学校を卒業し、すぐに働き始める。最初に入った会社で定年まで勤め、それで職業人生を終える。そのようなキャリアが標準的であった時代は過去のものになっています。いい学校に学び、いい会社に入れば、安定した人生が約束される――といったモデルが機能していたのは昔の話です。これからの時代は、一人ひとりが、自らを見つめ、その人なりの、その人らしいキャリアを、自身の意思と行動で作り上げていくことが求められます。

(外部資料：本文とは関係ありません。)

lemma L1sep_self: "c \<in> chambers A \<Longrightarrow> L1sep A c c = {}"
  using L1sep_chamber_of separating_self chambers_eq_image by auto

lemma L1sep_triangle:
  assumes "a \<in> chambers A" "b \<in> chambers A" "c \<in> chambers A"
  shows "L1sep A a c \<subseteq> L1sep A a b \<union> L1sep A b c"
proof -
  obtain x y z where "x \<in> complement" "y \<in> complement" "z \<in> complement"
    "a = chamber_of x" "b = chamber_of y" "c = chamber_of z"
    using assms chambers_eq_image by (auto simp: image_iff)
  then show ?thesis using L1sep_chamber_of separating_triangle by simp
qed

lemma finite_L1sep: "finite (L1sep A c d)"
  using finite_arrangement unfolding L1sep_def by auto

subsection \<open>Galleries along generic segments\<close>

definition generic_for :: "'a \<Rightarrow> 'a \<Rightarrow> bool" where
  "generic_for x y \<longleftrightarrow> (\<forall>H\<in>A. \<forall>G\<in>A. H \<noteq> G \<longrightarrow> y \<notin> span (insert x (H \<inter> G)))"

lemma dim_span_insert_Int_less:
  assumes "H \<in> A" "G \<in> A" "H \<noteq> G"
  shows "dim (span (insert x (H \<inter> G))) < DIM('a)"
proof -
  have H: "subspace H" "dim H = DIM('a) - 1" and G: "subspace G" "dim G = DIM('a) - 1"
    using hyperplane_subspace assms by auto
  have "\<not> H \<subseteq> G" using subspace_dim_equal[OF H(1) G(1)] H G assms(3) by auto
  then have "H \<inter> G \<subset> H" by auto
  then have "span (H \<inter> G) \<subset> span H"
    using H G by (simp add: span_eq_iff[THEN iffD2] subspace_inter)
  then have "dim (H \<inter> G) < dim H" by (rule dim_psubset)
  moreover have "dim (insert x (H \<inter> G)) \<le> dim (H \<inter> G) + 1" by (simp add: dim_insert)
  ultimately show ?thesis using H by (simp add: dim_span)
qed

lemma exists_generic_point:
  assumes "open W" "W \<noteq> {}"
  obtains y where "y \<in> W" "generic_for x y"
proof -
  let ?F = "(\<lambda>(H, G). span (insert x (H \<inter> G))) ` {(H, G). H \<in> A \<and> G \<in> A \<and> H \<noteq> G}"
  have "interior (\<Union>?F) = {}"
  proof (rule interior_Union_lowdim)
    show "finite ?F"
      using finite_arrangement by (auto intro: finite_subset[of _ "A \<times> A"])
    fix S assume "S \<in> ?F"
    then obtain H G where "H \<in> A" "G \<in> A" "H \<noteq> G" "S = span (insert x (H \<inter> G))" by auto
    then show "closed S \<and> dim S < DIM('a)"
      using dim_span_insert_Int_less by (auto intro: closed_subspace)
  qed
  then have "\<not> W \<subseteq> \<Union>?F" using assms interior_maximal by blast
  then show ?thesis using that unfolding generic_for_def by blast
qed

自身のキャリアのオーナーは自分であることを、誰もが自覚し、実践していくことが問われます。それは、「みなと同じ生き方でなくてもいい」と一人ひとりが思うことから始まるのでしょう。幸せになるための「標準的な人生やキャリア」があるという幻想から、一人ひとりが解放されることが、自身のキャリアのオーナーとなる出発点です。

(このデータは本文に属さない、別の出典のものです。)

lemma measure_bind_pmf_determined:
  assumes "\<And>x y. x \<in> set_pmf M \<Longrightarrow> y \<in> set_pmf (K x) \<Longrightarrow> y \<in> A \<longleftrightarrow> x \<in> B"
  shows "measure_pmf.prob (bind_pmf M K) A = measure_pmf.prob M B"
  using measure_bind_pmf_Int_determined[OF assms, where C=UNIV] by simp

lemma cond_prob_bind_pmf_determined:
  assumes determined: "\<And>x y. x \<in> set_pmf M \<Longrightarrow> y \<in> set_pmf (K x) \<Longrightarrow> y \<in> A \<longleftrightarrow> x \<in> B"
    and const: "\<And>x. x \<in> set_pmf M \<Longrightarrow> x \<in> B \<Longrightarrow> measure_pmf.prob (K x) C = c"
    and pos: "measure_pmf.prob M B \<noteq> 0"
  shows "cond_prob (bind_pmf M K) C A = c"
proof -
  have "measure_pmf.prob (bind_pmf M K) (C \<inter> A) =
          (\<integral>x. indicator B x * measure_pmf.prob (K x) C \<partial>M)"
    by (rule measure_bind_pmf_Int_determined[OF determined])
  also have "\<dots> = (\<integral>x. c * indicator B x \<partial>M)"
    by (intro integral_cong_AE) (auto simp: AE_measure_pmf_iff const split: split_indicator)
  finally show ?thesis
    using pos by (simp add: cond_prob_def measure_bind_pmf_determined[OF determined])
qed

lemma length_indep_list: "y \<in> set_pmf (indep_list Ps) \<Longrightarrow> length y = length Ps"
  by (induction Ps arbitrary: y) auto

(* For P = bernoulli_pmf r this is binomial_pmf a r; it is stated for arbitrary P so that no
   range condition on r is required. *)
fun success_count :: "bool pmf \<Rightarrow> nat \<Rightarrow> nat pmf" where
  "success_count P 0 = return_pmf 0"
| "success_count P (Suc a) = bind_pmf P (\<lambda>b. map_pmf (\<lambda>i. i + of_bool b) (success_count P a))"

lemma count_indep_list_map_if:
  "map_pmf (\<lambda>l. length (filter id l)) (indep_list (map (\<lambda>b. if b then P1 else P0) x)) =
   bind_pmf (success_count P1 (length (filter id x)))
     (\<lambda>i. map_pmf (\<lambda>j. i + j) (success_count P0 (length (filter Not x))))"
proof (induction x)
  case Nil
  then show ?case by (simp add: bind_return_pmf)
next
  case (Cons a x)
  have unfold: "map_pmf (\<lambda>l. length (filter id l)) (indep_list (map (\<lambda>b. if b then P1 else P0) (a # x)))
     = bind_pmf (if a then P1 else P0) (\<lambda>b. map_pmf (\<lambda>i. i + of_bool b)
          (map_pmf (\<lambda>l. length (filter id l)) (indep_list (map (\<lambda>b. if b then P1 else P0) x))))"
    by (simp add: map_bind_pmf map_pmf_comp) (auto intro!: bind_pmf_cong map_pmf_cong)
  show ?case
  proof (cases a)
    case True
    then show ?thesis unfolding unfold Cons.IH
      by (simp add: map_pmf_def bind_assoc_pmf bind_return_pmf add_ac id_def)
  next
    case False
    then show ?thesis unfolding unfold Cons.IH
      by (simp add: map_pmf_def bind_assoc_pmf bind_return_pmf add_ac id_def)
         (subst bind_commute_pmf, simp add: add_ac)
  qed
qed
lemma card_fixpoints_eq_Suc:
  assumes "0 \<le> p" "p < 1" "finite {y\<in>{0<..1}. majority_ratio h y = 1 / (1-p)}"
  shows "card (fixpoints p (2*h+1)) = Suc (card {y\<in>{0<..1}. majority_ratio h y = 1 / (1-p)})"
proof -
  let ?L = "{y\<in>{0<..1}. majority_ratio h y = 1 / (1-p)}"
  have "inj_on (\<lambda>y. y / (1-p)) ?L" using assms by (intro inj_onI) simp
  moreover have "0 \<notin> (\<lambda>y. y / (1-p)) ` ?L" using assms by auto
  ultimately show ?thesis
    unfolding fixpoints_eq_insert_level_set[OF assms(1,2)]
    using assms(3) by (simp add: card_insert_disjoint card_image)
qed

lemma p_star_eqI:
  assumes "1/9 \<le> q" "q < 1/2"
    and below: "\<And>p. 0 \<le> p \<Longrightarrow> p < q \<Longrightarrow> card (fixpoints p k) = 3"
    and at: "card (fixpoints q k) = 2"
    and above: "\<And>p. q < p \<Longrightarrow> p \<le> 1 \<Longrightarrow> fixpoints p k = {0}"
  shows "p_star k = q"
  unfolding p_star_def
proof (rule the_equality)
  fix q' assume q': "1/9 \<le> q' \<and> q' < 1/2 \<and>
       (\<forall>p. 0 \<le> p \<and> p < q' \<longrightarrow> card (fixpoints p k) = 3) \<and>
       card (fixpoints q' k) = 2 \<and> (\<forall>p. q' < p \<and> p \<le> 1 \<longrightarrow> fixpoints p k = {0})"
  show "q' = q"
  proof (cases q' q rule: linorder_cases)
    case less
    then show ?thesis using below[of q'] q' by simp
  next
    case greater
    then show ?thesis using q' \<open>1/9 \<le> q\<close> at by auto
  qed
qed (use assms in auto)

lemma card_fixpoints_below_peak:
  assumes "1 \<le> h" "0 < y0" "y0 < 1"
    and "strict_mono_on {0..y0} (majority_ratio h)" "strict_antimono_on {y0..1} (majority_ratio h)"
    and "0 \<le> p" "1 < (1-p) * majority_ratio h y0"
  shows "card (fixpoints p (2*h+1)) = 3"
proof -
  have "0 < majority_ratio h y0" using assms by (intro majority_ratio_pos) auto
  moreover have "0 < (1-p) * majority_ratio h y0" using assms(7) by linarith
  ultimately have "p < 1" using zero_less_mult_pos2[of "1-p"] by simp
  let ?v = "1 / (1-p)"
  have "?v < majority_ratio h y0" "1 \<le> ?v" using assms(6,7) \<open>p < 1\<close> by (simp_all add: field_simps)
  with assms(1-5) \<open>p < 1\<close> have "card {y\<in>{0..1}. majority_ratio h y = ?v} = 2"
    by (intro card_level_set_unimodal continuous_on_majority_ratio) (simp_all add: majority_ratio_0)
  moreover have "{y\<in>{0<..1}. majority_ratio h y = ?v} = {y\<in>{0..1}. majority_ratio h y = ?v}"
    using assms(1) \<open>p < 1\<close> by (intro level_set_majority_ratio_nonzero) auto
  ultimately show ?thesis
    using card_fixpoints_eq_Suc[OF \<open>0 \<le> p\<close> \<open>p < 1\<close>, of h] by (simp add: card_ge_0_finite)
qed

lemma card_fixpoints_at_peak:
  assumes "1 \<le> h" "0 < y0" "y0 < 1"
    and "strict_mono_on {0..y0} (majority_ratio h)" "strict_antimono_on {y0..1} (majority_ratio h)"
    and "0 \<le> p" "(1-p) * majority_ratio h y0 = 1"
  shows "card (fixpoints p (2*h+1)) = 2"
proof -
  have "0 < majority_ratio h y0" using assms by (intro majority_ratio_pos) auto
  moreover have "0 < (1-p) * majority_ratio h y0" using assms(7) by linarith
  ultimately have "p < 1" using zero_less_mult_pos2[of "1-p"] by simp
  then have "majority_ratio h y0 = 1 / (1-p)" using assms(7) by (simp add: field_simps)
  then have "{y\<in>{0<..1}. majority_ratio h y = 1 / (1-p)}
      = {y\<in>{0..1}. majority_ratio h y = majority_ratio h y0}"
    using level_set_majority_ratio_nonzero[OF assms(1), of "1 / (1-p)"] \<open>p < 1\<close> by simp
  also have "\<dots> = {y0}" using assms(2-5) by (intro level_set_unimodal_peak) auto
  finally show ?thesis using card_fixpoints_eq_Suc[OF \<open>0 \<le> p\<close> \<open>p < 1\<close>, of h] by simp
qed

lemma fixpoints_eq_zero:
  assumes "\<forall>y\<in>{0..1}. majority_poly h y \<le> M * y" "0 \<le> p" "p \<le> 1" "(1-p) * M < 1"
  shows "fixpoints p (2*h+1) = {0}"
proof (intro equalityI subsetI)
  fix x assume "x \<in> fixpoints p (2*h+1)"
  then have x: "0 \<le> x" "x \<le> 1" "majority_poly h ((1-p)*x) = x" unfolding fixpoints_odd by auto
  show "x \<in> {0}"
  proof (rule ccontr)
    assume "x \<notin> {0}"
    with x have "0 < x" by simp
    have "(1-p)*x \<in> {0..1}" using assms(2,3) x by (auto intro: mult_le_one)
    then have "x \<le> M * ((1-p)*x)" using assms(1) x(3) by metis
    also have "\<dots> = ((1-p) * M) * x" by simp
    also have "\<dots> < x" using assms(4) \<open>0 < x\<close> by simp
    finally show False by simp
  qed
qed (unfold fixpoints_odd, simp)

そして、一人ひとりがその人らしいキャリアを自身で構築していくためには、職業生活のスタートに至るまでのキャリア教育の質の向上、個々人の志向・適性や望ましい働き方の発見と気づきをサポートするキャリア支援の仕組みなどの整備が必要です。みなが大学に進学する、みなが一斉に就職活動に取り組む、みなが卒業と同時に就職するといった、キャリアスタート時の一律な社会規範やシステムを改めること、職業上の成功とは昇進・昇格していくことだ、働くのは定年までだという画一的で旧弊なキャリア思想や社会通念を、時代にふさわしいものへと改めていくことも必要でしょう。

一人ひとりがキャリアにオーナーシップを持っている社会を創造するために、私たちは、私たちの想い描く未来像を広く社会に届けていきます。